** Information follows **

text \<open>The normal equations make the weighted residuals orthogonal to every fitted direction,
  so the weighted residual sum splits as at the fit plus a nonnegative term.\<close>
lemma weighted_rss_beta_w_le:
  fixes X :: "real^'p^'n::finite"
  assumes "invertible (transpose X ** diagm w ** X)" and "\<And>i. 0 \<le> w$i"
  shows "weighted_rss X Y w (beta_w X Y w) \<le> weighted_rss X Y w \<beta>"
proof -
  let ?M = "transpose X ** diagm w ** X"
  define b0 where "b0 = beta_w X Y w"
  define d where "d = \<beta> - b0"
  have "?M *v b0 = (?M ** matrix_inv ?M) *v (transpose X *v (diagm w *v Y))"
    unfolding b0_def beta_w_def by (rule matrix_vector_mul_assoc)
  also have "\<dots> = transpose X *v (diagm w *v Y)"
    using matrix_inv_mult_right[OF assms(1)] by simp
  finally have "(transpose X *v (diagm w *v (X *v b0))) \<bullet> d = (transpose X *v (diagm w *v Y)) \<bullet> d"
    by (simp add: matrix_vector_mul_assoc matrix_mul_assoc)
  then have "(\<Sum>i\<in>UNIV. w$i * (X$i \<bullet> b0) * (X$i \<bullet> d)) = (\<Sum>i\<in>UNIV. w$i * Y$i * (X$i \<bullet> d))"
    unfolding inner_transpose_mult_vec diagm_mult_vec_nth by (simp add: matrix_vector_mul_component)
  then have orth: "(\<Sum>i\<in>UNIV. w$i * resid X Y b0 i * (X$i \<bullet> d)) = 0"
    unfolding resid_def by (simp add: algebra_simps sum_subtractf)
  have shift: "resid X Y \<beta> i = resid X Y b0 i - X$i \<bullet> d" for i
    unfolding resid_def d_def by (simp add: inner_diff_right)
  have "weighted_rss X Y w \<beta> = (\<Sum>i\<in>UNIV. w$i * (resid X Y b0 i)^2)
      - 2 * (\<Sum>i\<in>UNIV. w$i * resid X Y b0 i * (X$i \<bullet> d)) + (\<Sum>i\<in>UNIV. w$i * (X$i \<bullet> d)^2)"
    unfolding weighted_rss_def shift
    by (simp add: power2_diff algebra_simps sum.distrib sum_subtractf sum_distrib_left)
  also have "\<dots> = weighted_rss X Y w b0 + (\<Sum>i\<in>UNIV. w$i * (X$i \<bullet> d)^2)"
    using orth unfolding weighted_rss_def by simp
  also have "\<dots> \<ge> weighted_rss X Y w b0"
    using assms(2) by (simp add: sum_nonneg)
  finally show ?thesis unfolding b0_def .
qed

lemma Jw_eq_weighted_rss:
  fixes X :: "real^'p^'n::finite"
  assumes "\<And>i. w$i \<in> {0, 1}"
  shows "Jw X Y w = weighted_rss X Y w (beta_w X Y w)"
proof -
  have idem: "w$i * w$i = w$i" for i using assms[of i] by auto
  have "Jw X Y w = (\<Sum>i\<in>UNIV. ((diagm w *v (Y - X *v beta_w X Y w))$i)^2)"
    unfolding Jw_def by (simp add: norm_vec_def L2_set_def real_sqrt_pow2 sum_nonneg)
  also have "\<dots> = (\<Sum>i\<in>UNIV. (w$i * w$i) * (resid X Y (beta_w X Y w) i)^2)"
    unfolding diagm_mult_vec_nth resid_def
    by (simp add: matrix_vector_mul_component power_mult_distrib power2_eq_square algebra_simps)
  finally show ?thesis unfolding weighted_rss_def idem .
qed

lemma OF_le_weighted_rss:
  fixes X :: "real^'p^'n::finite"
  assumes "w \<in> Qnh h"
  shows "OF h X Y \<beta> \<le> weighted_rss X Y w \<beta>"
proof -
  obtain T where T: "card T = h" "w = indicator_vec T"
    using assms unfolding Qnh_eq_indicator_vecs by auto
  then have "h \<le> CARD('n)" using card_le_card_UNIV[of T] by simp
  then obtain A where A: "lowest_set (sq_resid X Y \<beta>) h A"
    using lowest_set_exists by blast
  then show ?thesis
    using lowest_set_sum_le[OF A T(1)] OF_lowest_set[OF A] T(2) by (simp add: weighted_rss_indicator_vec)
qed

lemma Jw_le_OF:
  fixes X :: "real^'p^'n::finite"
  assumes "h \<le> CARD('n)" and h_full_rank: "\<forall>w \<in> Qnh h. invertible (transpose X ** diagm w ** X)"
  obtains w where "w \<in> Qnh h" "Jw X Y w \<le> OF h X Y \<beta>"
proof -
  obtain A where A: "lowest_set (sq_resid X Y \<beta>) h A"
    using lowest_set_exists[OF assms(1)] by blast
  define w where "w = indicator_vec A"
  have w: "w \<in> Qnh h"
    using A unfolding w_def Qnh_eq_indicator_vecs lowest_set_def by simp
  have "Jw X Y w = weighted_rss X Y w (beta_w X Y w)"
    unfolding w_def by (rule Jw_eq_weighted_rss) simp
  also have "\<dots> \<le> weighted_rss X Y w \<beta>"
    using h_full_rank w unfolding w_def by (intro weighted_rss_beta_w_le) auto
  also have "\<dots> = OF h X Y \<beta>"
    using OF_lowest_set[OF A] by (simp add: w_def weighted_rss_indicator_vec)
  finally show thesis using that w by blast
qed

lemma Jw_minimizer_exists:
  fixes X :: "real^'p^'n::finite"
  assumes "h \<le> CARD('n)"
  obtains w where "w \<in> Qnh h" "\<And>w'. w' \<in> Qnh h \<Longrightarrow> Jw X Y w \<le> Jw X Y w'"
proof -
  obtain A :: "'n set" where "card A = h"
    using obtain_subset_with_card_n[OF assms] by blast
  then have "finite (Qnh h :: (real^'n) set)" "Qnh h \<noteq> ({} :: (real^'n) set)"
    unfolding Qnh_eq_indicator_vecs by auto
  then show thesis
    using that ex_is_arg_min_if_finite[of "Qnh h" "Jw X Y"] unfolding is_arg_min_linorder by blast
qed

lemma lowest_set_at_Jw_minimizer:
  fixes X :: "real^'p^'n::finite"
  assumes h_full_rank: "\<forall>w \<in> Qnh h. invertible (transpose X ** diagm w ** X)"
    and A: "card A = h"
    and minimal: "\<And>w'. w' \<in> Qnh h \<Longrightarrow> Jw X Y (indicator_vec A) \<le> Jw X Y w'"
  shows "lowest_set (sq_resid X Y (beta_w X Y (indicator_vec A))) h A"
proof (rule lowest_setI_sum_minimal[OF A])
  fix T :: "'n set" assume T: "card T = h"
  let ?b = "beta_w X Y (indicator_vec A)"
  have "h \<le> CARD('n)" using A card_le_card_UNIV[of A] by simp
  then obtain w where w: "w \<in> Qnh h" "Jw X Y w \<le> OF h X Y ?b"
    using Jw_le_OF h_full_rank by blast
  have "sum (sq_resid X Y ?b) A = Jw X Y (indicator_vec A)"
    by (simp add: Jw_eq_weighted_rss weighted_rss_indicator_vec)
  also have "\<dots> \<le> OF h X Y ?b" using minimal w by (meson order_trans)
  also have "\<dots> \<le> weighted_rss X Y (indicator_vec T) ?b"
    using T by (intro OF_le_weighted_rss) (auto simp: Qnh_eq_indicator_vecs)
  finally show "sum (sq_resid X Y ?b) A \<le> sum (sq_resid X Y ?b) T"
    by (simp add: weighted_rss_indicator_vec)
qed

lemma first_zero_of_continuous_family:
  fixes g :: "'k \<Rightarrow> real \<Rightarrow> real"
  assumes "finite K" and cont: "\<And>k. k \<in> K \<Longrightarrow> continuous_on UNIV (g k)"
    and pos: "\<And>k. k \<in> K \<Longrightarrow> g k 0 > 0" and "k0 \<in> K" "t0 > 0" "g k0 t0 \<le> 0"
  shows "\<exists>t1>0. (\<forall>k\<in>K. g k t1 \<ge> 0) \<and> (\<exists>k\<in>K. g k t1 = 0)"
proof -
  define Z where "Z = {0..} \<inter> (\<Union>k\<in>K. {t. g k t \<le> 0})"
  have "closed Z"
    unfolding Z_def using \<open>finite K\<close> cont
    by (intro closed_Int closed_UN ballI closed_Collect_le) (auto intro: continuous_intros)
  moreover have "t0 \<in> Z" and bdd: "bdd_below Z"
    using assms unfolding Z_def by (auto intro: bdd_belowI[of _ 0])
  ultimately have t1Z: "Inf Z \<in> Z"
    using closed_contains_Inf by blast
  define t1 where "t1 = Inf Z"
  have "t1 \<noteq> 0"
  proof
    assume "t1 = 0"
    then obtain k where "k \<in> K" "g k 0 \<le> 0" using t1Z unfolding t1_def Z_def by auto
    then show False using pos[of k] by simp
  qed
  then have t1_pos: "t1 > 0" using t1Z unfolding t1_def Z_def by simp
  have nonneg: "g k t1 \<ge> 0" if k: "k \<in> K" for k
  proof (rule ccontr)
    assume neg: "\<not> g k t1 \<ge> 0"
    have "continuous_on {0..t1} (\<lambda>t. - g k t)"
      using cont k by (auto intro!: continuous_intros intro: continuous_on_subset)
    then obtain t where t: "0 \<le> t" "t \<le> t1" "- g k t = 0"
      using IVT'[of "\<lambda>t. - g k t" 0 0 t1] pos[OF k] neg t1_pos by auto
    then have "t \<in> Z" unfolding Z_def using k by force
    then have "t1 \<le> t" unfolding t1_def using bdd by (rule cInf_lower)
    then show False using t neg by simp
  qed
  obtain k1 where "k1 \<in> K" "g k1 t1 \<le> 0"
    using t1Z unfolding t1_def Z_def by auto
  then show ?thesis using t1_pos nonneg by force
qed

lemma sq_resid_eq_along_line:
  assumes "resid X Y \<beta> m + c * resid X Y \<beta> k = 0" and "(X$m + c *\<^sub>R X$k) \<bullet> d = 0"
    and "c\<^sup>2 = 1"
  shows "sq_resid X Y (\<beta> + t *\<^sub>R d) k = sq_resid X Y (\<beta> + t *\<^sub>R d) m"
proof -
  have "X$m \<bullet> d = - c * (X$k \<bullet> d)"
    using assms(2) unfolding inner_add_left inner_scaleR_left by linarith
  moreover have "resid X Y \<beta> m = - c * resid X Y \<beta> k"
    using assms(1) by linarith
  ultimately have "resid X Y (\<beta> + t *\<^sub>R d) m = - c * resid X Y (\<beta> + t *\<^sub>R d) k"
    unfolding resid_along_line by (simp add: algebra_simps)
  then show ?thesis
    unfolding sq_resid_def using assms(3) by (simp add: power_mult_distrib)
qed

lemma sq_resid_tie_on_line:
  assumes "X$k \<bullet> d \<noteq> 0 \<or> X$m \<bullet> d \<noteq> 0"
  obtains t where "sq_resid X Y (\<beta> + t *\<^sub>R d) k = sq_resid X Y (\<beta> + t *\<^sub>R d) m"
proof (cases "X$k \<bullet> d = X$m \<bullet> d")
  case True
  with assms have "X$k \<bullet> d + X$m \<bullet> d \<noteq> 0" by auto
  define t where "t = (resid X Y \<beta> k + resid X Y \<beta> m) / (X$k \<bullet> d + X$m \<bullet> d)"
  have "resid X Y (\<beta> + t *\<^sub>R d) k = - resid X Y (\<beta> + t *\<^sub>R d) m"
    unfolding resid_along_line t_def using \<open>X$k \<bullet> d + X$m \<bullet> d \<noteq> 0\<close> by (simp add: field_simps)
  then show thesis using that[of t] unfolding sq_resid_def by simp
next
  case False
  then have "X$k \<bullet> d - X$m \<bullet> d \<noteq> 0" by simp
  define t where "t = (resid X Y \<beta> k - resid X Y \<beta> m) / (X$k \<bullet> d - X$m \<bullet> d)"
  have "resid X Y (\<beta> + t *\<^sub>R d) k = resid X Y (\<beta> + t *\<^sub>R d) m"
    unfolding resid_along_line t_def using \<open>X$k \<bullet> d - X$m \<bullet> d \<noteq> 0\<close> by (simp add: field_simps)
  then show thesis using that[of t] unfolding sq_resid_def by simp
qed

** End of Information **

> Task prompt: Each line above with the word "idem" needs to be copied.

> Your solution:
  have idem: "w$i * w$i = w$i" for i using assms[of i] by auto
  finally show ?thesis unfolding weighted_rss_def idem .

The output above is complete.